Trained humans can maintain a speed of ~20kph for hours (as in plural). Peak speed for a few seconds (which is what would be required to escape these animals if reaction time is not the problem) is ~50 kph for humans (but only for 10 meters or so).
Apples to apples, humans are far superior to these speeds. The best animals for these measurements do crush these figures (by a factor of ~3), but I would expect that the best dinosaurs wouldn't.
> Very large animals are effectively warm blooded by default due to volume to surface ratios cooling is a much larger problem than staying warm.

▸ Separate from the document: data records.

(* Let $A\colon[0,\infty)\to\mathbb R^{n\times n}$ be continuous and suppose $x'=A(t)x$ has an exponential dichotomy on $[0,\infty)$ with constants $N,\lambda>0$. Let $f\colon[0,\infty)\times\mathbb R^n\to\mathbb R^n$ be continuously differentiable with $$|f_x(t,x)|\le L_1+L_2|x|+L_3|x|^2+\dots+L_{k+1}|x|^k\quad\text{for all }t\ge0,\ x\in\mathbb R^n,$$ where $k\in\mathbb N$, $L_j\ge0$ for $j=1,\dots,k+1$, and $L_1<\lambda/(2N)$. Then for every $\rho>0$ with $L_1+L_2\rho+\dots+L_{k+1}\rho^k<\lambda/(2N)$, the equation $x'=A(t)x+f(t,x)$ has the conditional Lipschitz shadowing property in $B_\rho(0)$.
   Context: $|\cdot|$ is a fixed norm on $\mathbb R^n$ and the induced matrix norm; $B_r(x)=\{y:|y-x|\le r\}$; $f_x$ is the partial derivative of $f$ with respect to $x$. For continuous $g\colon[0,\infty)\times\mathbb R^n\to\mathbb R^n$ and $\tau\in(0,\infty]$, a pseudosolution of $x'=g(t,x)$ on $[0,\tau)$ is a $C^1$ map $y\colon[0,\tau)\to\mathbb R^n$ with $\sigma_y:=\sup_{0\le t<\tau}|y'(t)-g(t,y(t))|<\infty$. The equation has the conditional Lipschitz shadowing property in $H\neq\emptyset$ if there exist $\varepsilon_0,\kappa>0$ such that whenever $0<\varepsilon\le\varepsilon_0$ and $y$ is a pseudosolution on $[0,\tau)$ ($\tau\in(0,\infty]$) with $\sigma_y\le\varepsilon$ and $y(t)\in H$ for all $t\in[0,\tau)$, there is a solution $x$ on $[0,\tau)$ with $\sup_{0\le t<\tau}|x(t)-y(t)|\le\kappa\varepsilon$. With $T(t,s)$ the transition matrix of $x'=A(t)x$: an exponential dichotomy on $[0,\infty)$ consists of projections $P(t)$ and constants $N,\lambda>0$ with $P(t)T(t,s)=T(t,s)P(s)$, $|T(t,s)P(s)|\le Ne^{-\lambda(t-s)}$ for $t\ge s\ge0$, and $|T(t,s)(I-P(s))|\le Ne^{-\lambda(s-t)}$ for $0\le t\le s$. *)

theory Defs
  imports "HOL-Analysis.Analysis"
begin
lemma lbar_nth:
  assumes "f \<in> LQ"
  shows "lbar f $$ n = f $$ (-n)"
proof -
  have fin: "finite {k. f $$ k \<noteq> 0}"
    using assms by (simp add: LQ_def)
  then have "finite (int -` {k. f $$ k \<noteq> 0})"
    by (rule finite_vimageI) (simp add: inj_on_def)
  then have "(\<lambda>n. if finite {k. f $$ k \<noteq> 0} then f $$ (-n) else 0)
      \<in> {g. \<forall>\<^sub>\<infinity> n::nat. g (- int n) = 0}"
    using fin by (simp add: eventually_cofinite vimage_def)
  then show ?thesis
    unfolding lbar_def using fin by (simp add: Abs_fls_inverse)
qed

lemma lbar_support: "f \<in> LQ \<Longrightarrow> {n. lbar f $$ n \<noteq> 0} = uminus ` {n. f $$ n \<noteq> 0}"
  by (auto simp: lbar_nth image_iff) (metis minus_minus)

lemma lbar_LQ: "f \<in> LQ \<Longrightarrow> lbar f \<in> LQ"
  using lbar_support[of f] by (simp add: LQ_def)

lemma lbar_lbar: "f \<in> LQ \<Longrightarrow> lbar (lbar f) = f"
  by (rule fls_eqI) (simp add: lbar_nth lbar_LQ)

lemma lbar_add: "f \<in> LQ \<Longrightarrow> g \<in> LQ \<Longrightarrow> lbar (f + g) = lbar f + lbar g"
  by (rule fls_eqI) (simp add: lbar_nth LQ_add)

lemma lbar_0: "lbar 0 = 0"
  by (rule fls_eqI) (simp add: lbar_nth LQ_0)

lemma lbar_fls_monom: "lbar (fls_monom c n) = fls_monom c (-n)"
  by (rule fls_eqI) (auto simp: lbar_nth fls_monom_LQ)

lemma lbar_mult: "f \<in> LQ \<Longrightarrow> g \<in> LQ \<Longrightarrow> lbar (f * g) = lbar f * lbar g"
  by (rule additive_on_LQ_mult[OF lbar_add lbar_0]) (simp_all add: lbar_fls_monom)
(* Consider DODA in the setting of the context. Assume the maximum delay is bounded by $\tau$, that the feedback associated with time step $t$ is the whole vector field $V_t=\nabla f_t$ (which can be evaluated at any point immediately, without delay), and that each $V_t$ is $L$-Lipschitz continuous. Take guesses $\tilde g_{t+1/2}=\tilde V_t(x_t)$, where $\tilde V_t=V_s$ for some $s\in\mathcal S_t$, and learning rates satisfying $\eta_{t+1}\le\eta_t$, $(2\tau+1)\eta_t\le\gamma_t$ and $2\gamma_t^2L^2\le1$ for all $t$. Then for every $p\in\mathcal V$ the regret evaluated at $x_{3/2},\dots,x_{T+1/2}$ satisfies \[R_T(p)\le\frac{\|p-x_1\|^2}{2\eta_T}+\sum_{t=1}^T\gamma_t\|V_t(x_t)-\tilde V_t(x_t)\|^2.\]
   Context: Unconstrained Euclidean setting: $\mathcal V$ finite-dimensional Euclidean space; losses $f_t:\mathcal V\to\mathbb R$ convex and differentiable. At each round $t=1,\dots,T$ one agent is active. $\mathcal S_t\subset\{1,\dots,t-1\}$ is the set of timestamps $s$ whose feedback is available to the active agent at time $t$ (nondecreasing in time for each agent). DODA: given $x_1\in\mathcal V$, $x_t=x_1-\eta_t\sum_{s\in\mathcal S_t}g_{s+1/2}$ and $x_{t+1/2}=x_t-\gamma_t\tilde g_{t+1/2}$; the agent plays $x_{t+1/2}$ and $g_{t+1/2}=V_t(x_{t+1/2})$. Regret: $R_T(p)=\sum_{t=1}^Tf_t(x_{t+1/2})-\sum_{t=1}^Tf_t(p)$. Maximum delay bounded by $\tau$: $\{1,\dots,t-\tau-1\}\subset\mathcal S_t$ for all $t$. *)

theory Defs
  imports "HOL-Analysis.Analysis"
begin

end

theory Submission
  imports Defs
begin

(* With g_t = V_t(x_{t+1/2}), convexity bounds the regret by sum_t <g_t, x_{t+1/2} - p>.
   Compare x_{t+1/2} with the undelayed dual-averaging iterate w_t = x_1 - eta_t sum_{s<t} g_s,
   for which sum_t <g_t, w_t - p> <= |p - x_1|^2 / (2 eta_T) + sum_t eta_t |g_t|^2 / 2.
   The difference x_{t+1/2} - w_t consists of the gradients not yet received at time t and of
   the optimistic step -gamma_t g~_t. Each gradient is missing in at most tau rounds, so the
   former costs at most tau sum_t eta_t |g_t|^2. As (2 tau + 1) eta_t <= gamma_t, each round
   leaves at most gamma_t |g_t|^2 / 2 - gamma_t <g_t, g~_t>, and the extra-gradient estimate
   (Lipschitz continuity of V_t and 2 gamma_t^2 L^2 <= 1) bounds this by
   gamma_t |V_t(x_t) - g~_t|^2. *)

lemma convex_on_has_derivative_above_tangent:
  fixes f :: "'a::real_normed_vector \<Rightarrow> real"
  assumes convex: "convex_on UNIV f" and deriv: "(f has_derivative f') (at y)"
  shows "f y + f' (z - y) \<le> f z"
proof -
  define \<phi> where "\<phi> s = f (y + s *\<^sub>R (z - y))" for s :: real
  have "convex_on UNIV \<phi>"
  proof (rule convex_onI)
    fix t a b :: real assume "0 < t" "t < 1"
    have "y + ((1 - t) *\<^sub>R a + t *\<^sub>R b) *\<^sub>R (z - y)
        = (1 - t) *\<^sub>R (y + a *\<^sub>R (z - y)) + t *\<^sub>R (y + b *\<^sub>R (z - y))"
      by (simp add: algebra_simps)
    then show "\<phi> ((1 - t) *\<^sub>R a + t *\<^sub>R b) \<le> (1 - t) * \<phi> a + t * \<phi> b"
      unfolding \<phi>_def using convex_onD[OF convex, of t] \<open>0 < t\<close> \<open>t < 1\<close> by simp
  qed simp
  moreover have "(\<phi> has_field_derivative f' (z - y)) (at 0)"
  proof -
    have "((\<lambda>s. y + s *\<^sub>R (z - y)) has_derivative (\<lambda>s. s *\<^sub>R (z - y))) (at 0)"
      by (auto intro!: derivative_eq_intros)
    moreover have "(f has_derivative f') (at (y + 0 *\<^sub>R (z - y)))"
      using deriv by simp
    ultimately have "(\<phi> has_derivative (\<lambda>s. f' (s *\<^sub>R (z - y)))) (at 0)"
      unfolding \<phi>_def by (rule diff_chain_at[unfolded comp_def])
    then show ?thesis
      by (simp add: has_field_derivative_def linear_cmul[OF has_derivative_linear[OF deriv]]
          mult_commute_abs)
  qed
  ultimately have "f' (z - y) * (1 - 0) \<le> \<phi> 1 - \<phi> 0"
    by (intro convex_on_imp_above_tangent) auto
  then show ?thesis
    by (simp add: \<phi>_def)
qed

lemma Youngs_inequality_inner:
  fixes a b :: "'a::real_inner"
  assumes "0 < e"
  shows "a \<bullet> b \<le> e / 2 * (norm a)\<^sup>2 + (norm b)\<^sup>2 / (2 * e)"
proof -
  have "0 \<le> (norm (e *\<^sub>R a - b))\<^sup>2"
    by simp
  also have "\<dots> = e\<^sup>2 * (norm a)\<^sup>2 - 2 * e * (a \<bullet> b) + (norm b)\<^sup>2"
    unfolding power2_norm_eq_inner
    by (simp add: inner_diff_left inner_diff_right inner_commute power2_eq_square algebra_simps)
  finally have "2 * e * (a \<bullet> b) \<le> e\<^sup>2 * (norm a)\<^sup>2 + (norm b)\<^sup>2"
    by simp
  then show ?thesis
    using assms by (simp add: field_simps power2_eq_square)
qed

lemma norm_add_sq_le:
  fixes a b :: "'a::real_inner"
  shows "(norm (a + b))\<^sup>2 \<le> 2 * (norm a)\<^sup>2 + 2 * (norm b)\<^sup>2"
  using Youngs_inequality_inner[of 1 a b]
  by (simp add: power2_norm_eq_inner inner_add_left inner_add_right inner_commute)

lemma dual_averaging_potential:
  fixes g :: "nat \<Rightarrow> 'a::real_inner"
  assumes antimono: "\<And>t. 1 \<le> t \<Longrightarrow> \<eta> (t + 1) \<le> \<eta> t"
  shows "(\<Sum>t=1..n. g t \<bullet> (x\<^sub>1 - \<eta> t *\<^sub>R (\<Sum>s=1..<t. g s)) - \<eta> t / 2 * (norm (g t))\<^sup>2)
         \<le> (\<Sum>s=1..n. g s) \<bullet> x\<^sub>1 - \<eta> n / 2 * (norm (\<Sum>s=1..n. g s))\<^sup>2"
proof (induction n)
  case 0
  then show ?case by simp
next
  case (Suc n)
  define A where "A = (\<Sum>s=1..n. g s)"
  define c where "c = g (Suc n)"
  have sum_next: "(\<Sum>s=1..Suc n. g s) = A + c" and sum_prev: "(\<Sum>s=1..<Suc n. g s) = A"
    by (simp_all add: A_def c_def atLeastLessThanSuc_atLeastAtMost)
  have "\<eta> (Suc n) * (norm A)\<^sup>2 \<le> \<eta> n * (norm A)\<^sup>2"
    using antimono[of n] by (cases "n = 0") (auto simp: A_def intro: mult_right_mono)
  then have "A \<bullet> x\<^sub>1 - \<eta> n / 2 * (norm A)\<^sup>2 + (c \<bullet> (x\<^sub>1 - \<eta> (Suc n) *\<^sub>R A) - \<eta> (Suc n) / 2 * (norm c)\<^sup>2)
      \<le> (A + c) \<bullet> x\<^sub>1 - \<eta> (Suc n) / 2 * (norm (A + c))\<^sup>2"
    unfolding power2_norm_eq_inner
    by (simp add: inner_add_left inner_add_right inner_diff_right inner_commute algebra_simps)
  moreover have "(\<Sum>t=1..Suc n. g t \<bullet> (x\<^sub>1 - \<eta> t *\<^sub>R (\<Sum>s=1..<t. g s)) - \<eta> t / 2 * (norm (g t))\<^sup>2)
      = c \<bullet> (x\<^sub>1 - \<eta> (Suc n) *\<^sub>R A) - \<eta> (Suc n) / 2 * (norm c)\<^sup>2
        + (\<Sum>t=1..n. g t \<bullet> (x\<^sub>1 - \<eta> t *\<^sub>R (\<Sum>s=1..<t. g s)) - \<eta> t / 2 * (norm (g t))\<^sup>2)"
    by (subst sum.nat_ivl_Suc') (simp, simp only: sum_prev c_def)
  ultimately show ?case
    using Suc.IH unfolding sum_next A_def[symmetric] by linarith
qed

lemma dual_averaging_regret:
  fixes g :: "nat \<Rightarrow> 'a::real_inner"
  assumes antimono: "\<And>t. 1 \<le> t \<Longrightarrow> \<eta> (t + 1) \<le> \<eta> t" and pos: "0 < \<eta> T"
  shows "(\<Sum>t=1..T. g t \<bullet> (x\<^sub>1 - \<eta> t *\<^sub>R (\<Sum>s=1..<t. g s) - p))
         \<le> (norm (p - x\<^sub>1))\<^sup>2 / (2 * \<eta> T) + (\<Sum>t=1..T. \<eta> t / 2 * (norm (g t))\<^sup>2)"
proof -
  have "(\<Sum>s=1..T. g s) \<bullet> (x\<^sub>1 - p)
        \<le> \<eta> T / 2 * (norm (\<Sum>s=1..T. g s))\<^sup>2 + (norm (x\<^sub>1 - p))\<^sup>2 / (2 * \<eta> T)"
    by (rule Youngs_inequality_inner[OF pos])
  with dual_averaging_potential[of \<eta> g x\<^sub>1 T, OF antimono] show ?thesis
    by (simp add: inner_diff_right inner_sum_left sum_subtractf norm_minus_commute)
qed

lemma double_sum_delayed_le:
  fixes b :: "nat \<Rightarrow> real" and \<tau> :: nat
  assumes nonneg: "\<And>s. s \<in> {1..T} \<Longrightarrow> 0 \<le> b s"
    and delayed: "\<And>t s. t \<in> {1..T} \<Longrightarrow> s \<in> M t \<Longrightarrow> 1 \<le> s \<and> s < t \<and> t \<le> s + \<tau>"
  shows "(\<Sum>t=1..T. \<Sum>s\<in>M t. b s) \<le> real \<tau> * (\<Sum>s=1..T. b s)"
proof -
  have "(\<Sum>t=1..T. \<Sum>s\<in>M t. b s) = (\<Sum>t=1..T. \<Sum>s\<in>{s. s \<in> {1..T} \<and> s \<in> M t}. b s)"
    using delayed by (intro sum.cong refl arg_cong[where f = "sum b"]) force
  also have "\<dots> = (\<Sum>s=1..T. \<Sum>t\<in>{t. t \<in> {1..T} \<and> s \<in> M t}. b s)"
    by (rule sum.swap_restrict) auto
  also have "\<dots> = (\<Sum>s=1..T. card {t. t \<in> {1..T} \<and> s \<in> M t} * b s)"
    by simp
  also have "\<dots> \<le> (\<Sum>s=1..T. \<tau> * b s)"
  proof (intro sum_mono mult_right_mono nonneg)
    fix s
    have "{t. t \<in> {1..T} \<and> s \<in> M t} \<subseteq> {s<..s + \<tau>}"
      using delayed by auto
    then show "real (card {t. t \<in> {1..T} \<and> s \<in> M t}) \<le> \<tau>"
      by (metis card_greaterThanAtMost card_mono finite_greaterThanAtMost add_diff_cancel_left'
          of_nat_mono)
  qed
  finally show ?thesis
    by (simp add: sum_distrib_left)
qed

True, but being "very large" does not really help with either top speed or explosive power. The fastest animals are small (though not tiny, a decent-not-huge dog in size but much lighter) brittle little things. They chase, rapidly inflict a mortal wound, and run away, waiting until it is abandoned to eat. Fast animals, from cheetahs to rabbits are much lighter than their appearance would suggest. The animals with greatest endurance are larger, but humans are, perhaps surprisingly, pretty good at endurance. Clearly we, at one point, hunted like dogs do : not by outsprinting an animal in an intense fast chase, but by wearing it down for hours, slowly closing in for the kill. Most animals should not be able to escape humans using that strategy. Human hunters would make an animal sprint for it's life 10 times, letting it "escape" 9 times.